**EXERCISE BRIEF:** All lines from the opening of the data to the line containing "P. c i \<in>" must be returned unchanged, and only those lines.

**RECORDS FOR THIS TASK:**
···
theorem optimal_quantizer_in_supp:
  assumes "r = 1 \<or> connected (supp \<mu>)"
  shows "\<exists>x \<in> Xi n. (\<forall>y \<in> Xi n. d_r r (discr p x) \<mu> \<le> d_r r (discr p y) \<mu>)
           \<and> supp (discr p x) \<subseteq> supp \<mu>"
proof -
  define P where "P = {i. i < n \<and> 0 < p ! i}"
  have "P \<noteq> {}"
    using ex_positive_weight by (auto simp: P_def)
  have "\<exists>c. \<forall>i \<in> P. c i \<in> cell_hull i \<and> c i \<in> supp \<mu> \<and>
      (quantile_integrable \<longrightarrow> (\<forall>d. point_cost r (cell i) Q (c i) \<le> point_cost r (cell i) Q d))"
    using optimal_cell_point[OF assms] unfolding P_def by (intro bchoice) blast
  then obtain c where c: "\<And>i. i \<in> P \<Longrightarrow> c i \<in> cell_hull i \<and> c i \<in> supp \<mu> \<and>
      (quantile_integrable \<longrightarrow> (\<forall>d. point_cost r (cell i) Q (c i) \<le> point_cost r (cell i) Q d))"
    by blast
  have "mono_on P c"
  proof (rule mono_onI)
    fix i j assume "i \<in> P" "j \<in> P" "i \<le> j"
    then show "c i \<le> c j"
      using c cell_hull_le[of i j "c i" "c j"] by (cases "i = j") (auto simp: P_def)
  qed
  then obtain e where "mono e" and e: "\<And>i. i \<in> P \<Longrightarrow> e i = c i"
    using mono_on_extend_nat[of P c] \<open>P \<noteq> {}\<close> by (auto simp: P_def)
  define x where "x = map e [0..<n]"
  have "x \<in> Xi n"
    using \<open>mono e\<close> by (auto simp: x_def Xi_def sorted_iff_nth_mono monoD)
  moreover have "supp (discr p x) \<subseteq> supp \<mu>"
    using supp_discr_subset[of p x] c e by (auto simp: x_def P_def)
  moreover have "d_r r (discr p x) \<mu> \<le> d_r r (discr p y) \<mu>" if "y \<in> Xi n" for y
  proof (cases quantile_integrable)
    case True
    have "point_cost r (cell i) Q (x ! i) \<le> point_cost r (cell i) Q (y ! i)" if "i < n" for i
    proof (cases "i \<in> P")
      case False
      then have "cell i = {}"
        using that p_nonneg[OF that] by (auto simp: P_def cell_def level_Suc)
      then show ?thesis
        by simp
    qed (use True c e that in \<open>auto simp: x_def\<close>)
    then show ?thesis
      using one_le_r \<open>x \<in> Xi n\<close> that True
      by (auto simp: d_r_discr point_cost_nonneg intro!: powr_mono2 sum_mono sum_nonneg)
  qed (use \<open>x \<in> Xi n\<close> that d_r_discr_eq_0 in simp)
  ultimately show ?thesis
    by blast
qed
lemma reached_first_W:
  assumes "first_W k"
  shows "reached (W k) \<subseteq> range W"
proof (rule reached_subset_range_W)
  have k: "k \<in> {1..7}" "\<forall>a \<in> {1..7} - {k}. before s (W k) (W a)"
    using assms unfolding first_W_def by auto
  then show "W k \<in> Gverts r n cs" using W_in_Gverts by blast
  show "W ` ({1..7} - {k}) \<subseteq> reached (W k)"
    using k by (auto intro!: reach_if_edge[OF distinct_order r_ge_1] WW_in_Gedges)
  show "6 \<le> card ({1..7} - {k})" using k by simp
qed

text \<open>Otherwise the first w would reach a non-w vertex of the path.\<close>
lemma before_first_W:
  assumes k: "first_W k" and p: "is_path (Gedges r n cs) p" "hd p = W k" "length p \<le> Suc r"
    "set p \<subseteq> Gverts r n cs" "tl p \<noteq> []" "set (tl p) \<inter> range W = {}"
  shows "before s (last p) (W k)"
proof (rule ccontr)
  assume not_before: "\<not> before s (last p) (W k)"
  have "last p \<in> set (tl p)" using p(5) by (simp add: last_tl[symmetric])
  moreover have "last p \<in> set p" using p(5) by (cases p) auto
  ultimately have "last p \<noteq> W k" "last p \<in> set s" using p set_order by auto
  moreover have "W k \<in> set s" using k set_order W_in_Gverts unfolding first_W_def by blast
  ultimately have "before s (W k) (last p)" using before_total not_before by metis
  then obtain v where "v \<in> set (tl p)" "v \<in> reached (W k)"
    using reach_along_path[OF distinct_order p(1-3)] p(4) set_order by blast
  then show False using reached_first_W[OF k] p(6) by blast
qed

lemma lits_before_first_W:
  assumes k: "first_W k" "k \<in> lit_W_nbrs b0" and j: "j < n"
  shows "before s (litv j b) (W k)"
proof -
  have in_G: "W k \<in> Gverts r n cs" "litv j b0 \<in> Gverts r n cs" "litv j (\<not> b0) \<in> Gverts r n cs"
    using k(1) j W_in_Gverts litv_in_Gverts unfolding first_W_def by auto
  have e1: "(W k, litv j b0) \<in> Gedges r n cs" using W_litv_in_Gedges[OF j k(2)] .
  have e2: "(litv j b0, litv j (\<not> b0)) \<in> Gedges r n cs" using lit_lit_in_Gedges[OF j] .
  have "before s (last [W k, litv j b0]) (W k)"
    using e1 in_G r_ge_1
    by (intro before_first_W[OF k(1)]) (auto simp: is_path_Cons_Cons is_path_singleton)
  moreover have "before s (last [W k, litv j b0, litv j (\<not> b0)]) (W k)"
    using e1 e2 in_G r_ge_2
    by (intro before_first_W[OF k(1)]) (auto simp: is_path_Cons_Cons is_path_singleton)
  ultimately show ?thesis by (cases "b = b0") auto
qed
···
**SOLUTION FOR THIS EXERCISE:**
theorem optimal_quantizer_in_supp:
  assumes "r = 1 \<or> connected (supp \<mu>)"
  shows "\<exists>x \<in> Xi n. (\<forall>y \<in> Xi n. d_r r (discr p x) \<mu> \<le> d_r r (discr p y) \<mu>)
           \<and> supp (discr p x) \<subseteq> supp \<mu>"
proof -
  define P where "P = {i. i < n \<and> 0 < p ! i}"
  have "P \<noteq> {}"
    using ex_positive_weight by (auto simp: P_def)
  have "\<exists>c. \<forall>i \<in> P. c i \<in> cell_hull i \<and> c i \<in> supp \<mu> \<and>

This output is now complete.